### Directions
In total, how many lines of the data contain the word "where"? Only that number is wanted.
+---+
(* Under the assumption $\det[K^\pm(\omega)-\omega]\neq0$ for all $\omega>0$, the limit $\tilde R^\pm(\omega):=\lim_{\epsilon\to+0}\tilde R(\omega\pm i\epsilon)$ exists (in matrix norm) for every $\omega>0$ and $\tilde R^\pm(\omega)=[K^\pm(\omega)-\omega]^{-1}$.
   Context: Let $N\ge 1$ and $\mathcal H=\mathbb C^N\oplus L^2((0,\infty))$, where $|1\rangle,\dots,|N\rangle$ is the standard orthonormal basis of $\mathbb C^N$. Let $\omega_1\le\dots\le\omega_N$ be real, $\lambda\in\mathbb R$, $v_1,\dots,v_N\in L^2((0,\infty))$. The Hamiltonian is $H=H_0+\lambda V$ with $H_0(|c\rangle+|f\rangle)=\sum_n\omega_nc_n|n\rangle+\omega f(\omega)$ on $D(H_0)=\{|c\rangle+|f\rangle:\int_0^\infty|\omega f(\omega)|^2d\omega<\infty\}$ and $V(|c\rangle+|f\rangle)=\sum_n\langle v_n|f\rangle|n\rangle+\sum_n c_n v_n$. Form-factor assumption: for all $m,n$, $v_m^*(\omega)v_n(\omega)=\pi_{mn}(\omega)/\rho_{mn}(\omega)$ with polynomials such that $\deg\rho_{mn}\ge\deg\pi_{mn}+2$, $\rho_{mn}$ has no zeros in $[0,\infty)$, $\pi_{mn}(0)=0$; $\Gamma(\omega)$ is the matrix with entries $v_m^*(\omega)v_n(\omega)$. The reduced resolvent $\tilde R(z)$ is the $N\times N$ matrix with entries $\langle m|(H-z)^{-1}|n\rangle$ for $z$ in the resolvent set of $H$. Let $K_0=\mathrm{diag}(\omega_1,\dots,\omega_N)$; for $\omega>0$ let $D_{mn}(\omega)=P\!\int_0^\infty\frac{v_m^*(\omega')v_n(\omega')}{\omega'-\omega}d\omega'$ (principal value) and $K^\pm(\omega)=K_0-\lambda^2D(\omega)\mp i\pi\lambda^2\Gamma(\omega)$. *)

theory Defs
  imports "HOL-Analysis.Analysis" "HOL-Computational_Algebra.Polynomial"
begin

text \<open>Model: H = C^N (+) L^2((0,oo)). The index set {1..N} is a finite type 'n.
  Elements of L^2((0,oo)) are represented by functions real => complex
  (only values on (0,oo) matter).\<close>

definition L2pos :: "(real \<Rightarrow> complex) \<Rightarrow> bool" where
  "L2pos f \<longleftrightarrow> set_borel_measurable lborel {0<..} f \<and>
     set_integrable lborel {0<..} (\<lambda>w. (norm (f w))^2)"

definition L2inner :: "(real \<Rightarrow> complex) \<Rightarrow> (real \<Rightarrow> complex) \<Rightarrow> complex" where
  "L2inner g f = (LINT w:{0<..}|lborel. cnj (g w) * f w)"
+---+
### Reply to the task
3